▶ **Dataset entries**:
+ + +

theorem corollary3p1:
  fixes X :: "(real^'n1) set" and Y :: "(real^'n2) set"
    and A :: "real^'n1^'n" and B :: "real^'n2^'n" and b :: "real^'n"
    and g :: "real^'n2 \<Rightarrow> ereal"
    and N :: nat and fj :: "nat \<Rightarrow> real^'n1 \<Rightarrow> real" and gradj :: "nat \<Rightarrow> real^'n1 \<Rightarrow> real^'n1"
    and U :: "(real^'n1) set"
    and H :: "real^'n1^'n1" and \<nu> :: real
    and \<beta> :: real and L :: "real^'n2^'n2" and \<tau> s :: real
    and x :: "nat \<Rightarrow> real^'n1" and y :: "nat \<Rightarrow> real^'n2" and lam :: "nat \<Rightarrow> real^'n"
    and bx :: "nat \<Rightarrow> real^'n1" and lamh :: "nat \<Rightarrow> real^'n"
    and m :: "nat \<Rightarrow> nat" and \<eta> :: "nat \<Rightarrow> real" and M :: "nat \<Rightarrow> real^'n1^'n1"
    and xi bxi xh e :: "nat \<Rightarrow> nat \<Rightarrow> real^'n1" and \<xi> :: "nat \<Rightarrow> nat \<Rightarrow> nat"
    and k :: nat
  assumes X: "closed X" "convex X" "X \<noteq> {}"
    and Y: "closed Y" "convex Y" "Y \<noteq> {}"
    and g: "proper_convex_on Y g"
    and N: "N \<ge> 1"
    and U: "open U" "X \<subseteq> U"
    and fj_diff: "\<forall>j\<in>{1..N}. \<forall>z\<in>U. (fj j has_derivative (\<lambda>h. gradj j z \<bullet> h)) (at z)"
    and fj_C1: "\<forall>j\<in>{1..N}. continuous_on U (gradj j)"
    and fj_convex: "\<forall>j\<in>{1..N}. convex_on X (fj j)"
    and H: "pd H" and \<nu>: "\<nu> > 0"
    and lip: "\<forall>j\<in>{1..N}. \<forall>x1\<in>X. \<forall>x2\<in>X.
               sqrt (qf (matrix_inv H) (gradj j x1 - gradj j x2)) \<le> \<nu> * sqrt (qf H (x1 - x2))"
    and \<beta>: "\<beta> > 0" and L: "psd L" and \<tau>s: "(\<tau>, s) \<in> Delta_set"
    and init: "x 0 \<in> X" "y 0 \<in> Y" "bx 0 = x 0"
    and params: "\<forall>j. m j \<ge> 1 \<and> \<eta> j > 0 \<and> symmetric_mat (M j)
                    \<and> psd (M j - \<beta> *\<^sub>R (transpose A ** A))"
    and xsub_init: "\<forall>j. xi j 1 = x j \<and> bxi j 1 = bx j"
    and xsub_step: "\<forall>j t. 1 \<le> t \<and> t \<le> m j \<longrightarrow>
          (let \<beta>t = 2 / (real t + 1);
               \<gamma>t = 2 / (real t * \<eta> j);
               hj = - (transpose A *v (lam j - \<beta> *\<^sub>R (A *v x j + B *v y j - b)));
               dt = gradj (\<xi> j t) (xh j t) + e j t
           in \<xi> j t \<in> {1..N}
              \<and> xh j t = \<beta>t *\<^sub>R bxi j t + (1 - \<beta>t) *\<^sub>R xi j t
              \<and> bxi j (t + 1) \<in> X
              \<and> (\<forall>z\<in>X. (dt + hj) \<bullet> bxi j (t + 1) + \<gamma>t / 2 * qf H (bxi j (t + 1) - bxi j t)
                           + 1 / 2 * qf (M j) (bxi j (t + 1) - x j)
                         \<le> (dt + hj) \<bullet> z + \<gamma>t / 2 * qf H (z - bxi j t) + 1 / 2 * qf (M j) (z - x j))
              \<and> xi j (t + 1) = \<beta>t *\<^sub>R bxi j (t + 1) + (1 - \<beta>t) *\<^sub>R xi j t)"
    and xsub_out: "\<forall>j. x (j + 1) = xi j (m j + 1) \<and> bx (j + 1) = bxi j (m j + 1)"
    and lam_half: "\<forall>j. lamh j = lam j - (\<tau> * \<beta>) *\<^sub>R (A *v x (j + 1) + B *v y j - b)"
    and y_step: "\<forall>j. y (j + 1) \<in> Y \<and>
          (\<forall>z\<in>Y. Lagr (favg N fj) g A B b \<beta> (x (j + 1)) (y (j + 1)) (lamh j)
                     + ereal (1 / 2 * qf L (y (j + 1) - y j))
                   \<le> Lagr (favg N fj) g A B b \<beta> (x (j + 1)) z (lamh j)
                     + ereal (1 / 2 * qf L (z - y j)))"
    and lam_step: "\<forall>j. lam (j + 1) = lamh j - (s * \<beta>) *\<^sub>R (A *v x (j + 1) + B *v y (j + 1) - b)"
    and \<eta>k: "0 < \<eta> k" "\<eta> k < 1 / \<nu>"
  shows "\<forall>xx\<in>X. \<forall>yy\<in>Y. \<forall>ll::real^'n.
    (let w = (xx, yy, ll);
         wk = (x k, y k, lam k);
         wk1 = (x (k + 1), y (k + 1), lam (k + 1));
         lt = lam k - \<beta> *\<^sub>R (A *v x (k + 1) + B *v y k - b);
         wt = (x (k + 1), y (k + 1), lt);
         Jw = (- (transpose A *v ll), - (transpose B *v ll), A *v xx + B *v yy - b);
         Dk = M k - \<beta> *\<^sub>R (transpose A ** A);
         \<delta> = (\<lambda>t. gavg N gradj (xh k t) - (gradj (\<xi> k t) (xh k t) + e k t))
     in (ereal (favg N fj xx) + g yy) - (ereal (favg N fj (x (k + 1))) + g (y (k + 1)))
          + ereal ((w - wt) \<bullet> Jw)
        \<ge> ereal (1 / 2 * (Qtilde_qf Dk L B \<beta> \<tau> s (w - wk1) - Qtilde_qf Dk L B \<beta> \<tau> s (w - wk)
                          + Gtilde_qf Dk L B \<beta> \<tau> s (wk - wt))
                 + zeta H \<nu> (\<eta> k) (m k) (bx k) (bx (k + 1)) (bxi k) \<delta> xx))"
proof -
  define h where "h = - (transpose A *v (lam k - \<beta> *\<^sub>R (A *v x k + B *v y k - b)))"
  define \<delta> where "\<delta> = (\<lambda>t. gavg N gradj (xh k t) - (gradj (\<xi> k t) (xh k t) + e k t))"
  have desc: "\<forall>a\<in>X. \<forall>b\<in>X. favg N fj a \<le> favg N fj b + gavg N gradj b \<bullet> (a - b) + \<nu> / 2 * qf H (a - b)"
    using favg_descent_inequality[OF N X(2) U(2) fj_diff H \<nu> lip] by blast
  have grad: "\<forall>a\<in>X. \<forall>b\<in>X. favg N fj a + gavg N gradj a \<bullet> (b - a) \<le> favg N fj b"
    using favg_gradient_inequality[OF N U(2) fj_diff fj_convex] by blast
  note step = xsub_step[unfolded Let_def]
  have iterates: "x j \<in> X \<and> bx j \<in> X" for j
  proof (induction j)
    case (Suc j)
    have "xi j (m j + 1) \<in> X \<and> bxi j (m j + 1) \<in> X"
      using xsub_iterates_in[OF X(2), where xi = "xi j" and bxi = "bxi j" and m = "m j" and n = "m j"]
        Suc xsub_init step by auto
    then show ?case using xsub_out by simp
  qed (use init in simp)
  have M: "psd (M k)" using params \<beta> by (auto intro: psd_of_psd_minus_transpose_mult_self)
  have x_est: "xsub_objective (favg N fj) h (M k) (x k) (x (k + 1)) - xsub_objective (favg N fj) h (M k) (x k) xx
      + 1/2 * qf (M k) (xx - x (k + 1)) \<le> - zeta H \<nu> (\<eta> k) (m k) (bx k) (bx (k + 1)) (bxi k) \<delta> xx"
    if xx: "xx \<in> X" for xx
    unfolding xsub_out[rule_format, THEN conjunct1] xsub_out[rule_format, THEN conjunct2]
      xsub_init[rule_format, of k, THEN conjunct2, symmetric] \<delta>_def
  proof (rule xsub_estimate[OF X(2) desc grad H M \<nu>, where xh = "xh k" and d = "\<lambda>t. gradj (\<xi> k t) (xh k t) + e k t"])
    show "0 < \<eta> k" "\<eta> k * \<nu> < 1" using \<eta>k \<nu> by (auto simp: pos_less_divide_eq)
    show "xi k 1 \<in> X" "bxi k 1 \<in> X" using iterates xsub_init by auto
    show "1 \<le> m k" using params by blast
  qed (use step xx in \<open>unfold h_def, blast\<close>)+
  have SL: "symmetric_mat L" using L by (simp add: psd_def)
  obtain G1 where G1: "g (y (k + 1)) = ereal G1"
    using y_step_finite[OF g] y_step by blast
  note y_vi = y_step_variational_inequality[OF Y(2) g SL _ _ G1 _ y_step[rule_format, THEN conjunct2]]
  show ?thesis
    unfolding Let_def \<delta>_def[symmetric]
    by (intro ballI allI sas_admm_iteration_inequality[where lk = "lam k" and lh = "lamh k" and ln = "lam (k + 1)"
          and xn = "x (k + 1)" and yn = "y (k + 1)" and yk = "y k" and xk = "x k" and M = "M k"
          and A = A and B = B and b = b and \<beta> = \<beta> and \<tau> = \<tau> and s = s and g = g and L = L
          and F = "favg N fj",
          OF _ SL \<beta> _ lam_half[rule_format, of k] lam_step[rule_format, of k] x_est[unfolded h_def] G1])
      (use params \<tau>s g y_step y_vi in \<open>auto simp: Delta_set_def proper_convex_on_def\<close>)
qed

+ + +

Select every line in the records above that contains the word "gamma".

▶ **Answer to this task**:
               \<gamma>t = 2 / (real t * \<eta> j);
              \<and> (\<forall>z\<in>X. (dt + hj) \<bullet> bxi j (t + 1) + \<gamma>t / 2 * qf H (bxi j (t + 1) - bxi j t)
                         \<le> (dt + hj) \<bullet> z + \<gamma>t / 2 * qf H (z - bxi j t) + 1 / 2 * qf (M j) (z - x j))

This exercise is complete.